Written by jouva the 29 Feb 08 at 07:25.
Category: System.
Related project:
Nothing/Others.
Status: New
Rationale
I've found myself several times needing to manually edit a file in /etc for a package that has no front end, or otherwise needing to edit a root-owned file. It would be very nice to allow for gedit to prompt for administrative password, or have the ability to see that a file is not owned by you and allow one to choose to edit as an admin, thus gksudo'ing it.
if you open a terminal and type in 'sudo gedit', I think you'll be happy to find that you can browse and open files using gedit as a privileged user. Perhaps if we could right click on an app however and say open as administrator and then have it prompt for password.
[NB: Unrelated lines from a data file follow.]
(* If $\mathbf c_1,\mathbf c_2\in\mathrm{GF}(q^m)^n$ and $d_{\mathrm R}(\mathbf c_1,\mathbf c_2)=r$, then for $0\le s\le r$, $$|B_s(\mathbf c_1)\cap B_{r-s}(\mathbf c_2)|=q^{s(r-s)}{r\brack s}.$$
   Context: The rank $\mathrm{rk}(\mathbf x)$ of $\mathbf x\in\mathrm{GF}(q^m)^n$ is the maximum number of its coordinates linearly independent over $\mathrm{GF}(q)$, and $d_{\mathrm R}(\mathbf x,\mathbf y)=\mathrm{rk}(\mathbf x-\mathbf y)$. $B_r(\mathbf x)$ is the set of vectors within rank distance $r$ of $\mathbf x$. ${r\brack s}$ is the Gaussian binomial coefficient, the number of $s$-dimensional subspaces of $\mathrm{GF}(q)^r$. *)

theory Defs
  imports Main
begin

text \<open>GF(q) is modelled as a subfield K of a finite field 'a = GF(q^m); q = card K.
  Vectors of length n over 'a are functions nat => 'a vanishing from index n on.\<close>

definition is_subfield :: "'a::field set \<Rightarrow> bool" where
  "is_subfield K \<longleftrightarrow> 0 \<in> K \<and> 1 \<in> K \<and>
     (\<forall>x\<in>K. \<forall>y\<in>K. x + y \<in> K \<and> x * y \<in> K) \<and>
     (\<forall>x\<in>K. - x \<in> K) \<and> (\<forall>x\<in>K. x \<noteq> 0 \<longrightarrow> inverse x \<in> K)"

definition vecspace :: "nat \<Rightarrow> (nat \<Rightarrow> 'a::zero) set" where
  "vecspace n = {x. \<forall>i\<ge>n. x i = 0}"

definition lin_indep_over :: "'a::field set \<Rightarrow> (nat \<Rightarrow> 'a) \<Rightarrow> nat set \<Rightarrow> bool" where
  "lin_indep_over K x T \<longleftrightarrow>
     (\<forall>c. (\<forall>i\<in>T. c i \<in> K) \<longrightarrow> (\<Sum>i\<in>T. c i * x i) = 0 \<longrightarrow> (\<forall>i\<in>T. c i = 0))"

definition rk :: "'a::field set \<Rightarrow> nat \<Rightarrow> (nat \<Rightarrow> 'a) \<Rightarrow> nat" where
  "rk K n x = Max {card T | T. T \<subseteq> {..<n} \<and> lin_indep_over K x T}"

definition dR :: "'a::field set \<Rightarrow> nat \<Rightarrow> (nat \<Rightarrow> 'a) \<Rightarrow> (nat \<Rightarrow> 'a) \<Rightarrow> nat" where
  "dR K n x y = rk K n (\<lambda>i. x i - y i)"

definition rball :: "'a::field set \<Rightarrow> nat \<Rightarrow> nat \<Rightarrow> (nat \<Rightarrow> 'a) \<Rightarrow> (nat \<Rightarrow> 'a) set" where
  "rball K n r c = {x \<in> vecspace n. dR K n c x \<le> r}"

definition Kvecs :: "'a::field set \<Rightarrow> nat \<Rightarrow> (nat \<Rightarrow> 'a) set" where
  "Kvecs K r = {v. (\<forall>i<r. v i \<in> K) \<and> (\<forall>i\<ge>r. v i = 0)}"
theorem theorem1:
  fixes V :: "'a set"
    and B :: "('a set \<times> ('a \<Rightarrow> nat)) set"
    and I :: "nat set"
    and Zs :: "nat \<Rightarrow> 'a set"
    and k m :: "nat \<Rightarrow> nat"
    and \<tau> :: real
  assumes finV: "finite V"
    and bad: "\<forall>(Z, c)\<in>B. Z \<subseteq> V \<and> c \<in> extensional Z"
    and finI: "finite I"
    and idx: "bij_betw Zs I (fst ` B)"
    and k_lt: "\<forall>i\<in>I. k i < card (Zs i)"
    and m_pos: "\<forall>i\<in>I. m i \<ge> 1"
    and ext: "\<forall>i\<in>I. \<forall>v\<in>Zs i. \<exists>K. K \<subseteq> Zs i - {v} \<and> card K = k i \<and>
               (\<forall>g\<in>extensional K.
                  finite {c. (Zs i, c) \<in> B \<and> restrict c K = g} \<and>
                  card {c. (Zs i, c) \<in> B \<and> restrict c K = g} \<le> m i)"
    and tau_pos: "\<tau> > 0"
    and tau_eq: "phiE ((\<lambda>i. card (Zs i) - k i) ` I) \<tau>
                   - \<tau> * deriv (phiE ((\<lambda>i. card (Zs i) - k i) ` I)) \<tau> = 0"
  shows "\<exists>f :: 'a \<Rightarrow> nat. f \<in> extensional V \<and>
     card (f ` V) \<le>
       nat \<lceil>deriv (phiE ((\<lambda>i. card (Zs i) - k i) ` I)) \<tau> *
          (SUP i\<in>I. (real (Max ((\<lambda>v. card {j\<in>I. v \<in> Zs j \<and>
                         card (Zs j) - k j = card (Zs i) - k i}) ` V)) * real (m i))
                    powr (1 / real (card (Zs i) - k i)))\<rceil> \<and>
     (\<forall>i\<in>I. (Zs i, restrict f (Zs i)) \<notin> B)"
proof -
  have Zs_subset: "Zs i \<subseteq> V" if "i \<in> I" for i
  proof -
    obtain c where "(Zs i, c) \<in> B"
      using idx \<open>i \<in> I\<close> unfolding bij_betw_def by force
    then show ?thesis
      using bad by blast
  qed
  interpret bad_setting_family V B I Zs k m
    using finV finI Zs_subset k_lt m_pos ext by unfold_locales auto
  have level_eq: "level = (\<lambda>i. card (Zs i) - k i)"
    by (simp add: level_def fun_eq_iff)
  have tangent: "phiE (level ` I) \<tau> - \<tau> * deriv (phiE (level ` I)) \<tau> = 0"
    using tau_eq unfolding level_eq .
  define N where "N = nat \<lceil>deriv (phiE (level ` I)) \<tau> * degree_root_bound\<rceil>"
  have "0 < degree_root_bound / \<tau>"
    using degree_root_bound_pos phiE_tangent_nonempty[OF tangent] tau_pos by simp
  then have "good_colorings N V \<noteq> {}"
    using weighted_degree_le[OF tau_pos tangent] real_nat_ceiling_ge order_trans unfolding N_def
    by (intro good_colorings_nonempty) blast+
  then obtain f where f: "f \<in> good_colorings N V"
    by blast
  then have "f \<in> V \<rightarrow>\<^sub>E {..<N}"
    using good_colorings_subset by blast
  then have "f \<in> extensional V" "card (f ` V) \<le> N"
    using card_mono[of "{..<N}" "f ` V"] by (auto simp: PiE_iff)
  moreover have "\<forall>i\<in>I. (Zs i, restrict f (Zs i)) \<notin> B"
    using f Zs_subset by (auto simp: good_colorings_def)
  ultimately have "\<exists>f. f \<in> extensional V \<and> card (f ` V) \<le> N \<and> (\<forall>i\<in>I. (Zs i, restrict f (Zs i)) \<notin> B)"
    by blast
  then show ?thesis
    unfolding N_def degree_root_bound_def level_degree_def level_eq .
qed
I voted this down as it shouldn't be necessary specifically for gedit. But it might be useful to have a more general way to run programs as root from the GUI.
Things like nautilus-gksu are nasty hacks because they mean the whole application (in this case, Gedit) runs as root, which Policykit is powerful and flexible enough to avoid.
The most sensible implementation (for Gedit) will be that you open a text file (which you don't have write permissions for) in Nautilus with an unprivileged Gedit, make some changes to it, hit save and then Gedit will give you a Policykit authentication box to allow it to gain the privileges necessary to save the file. This means that the application runs as a normal user and only gains privileges where necessary.
For those who don't know, Policykit is a tool that asks for the password when needed. For instance, Synaptic uses it. If you run Synaptic, you wouldn't need to run gksudo syaptic, because Policykit knows when the password is needed. I hope this will be integrated in both nautilus and gedit.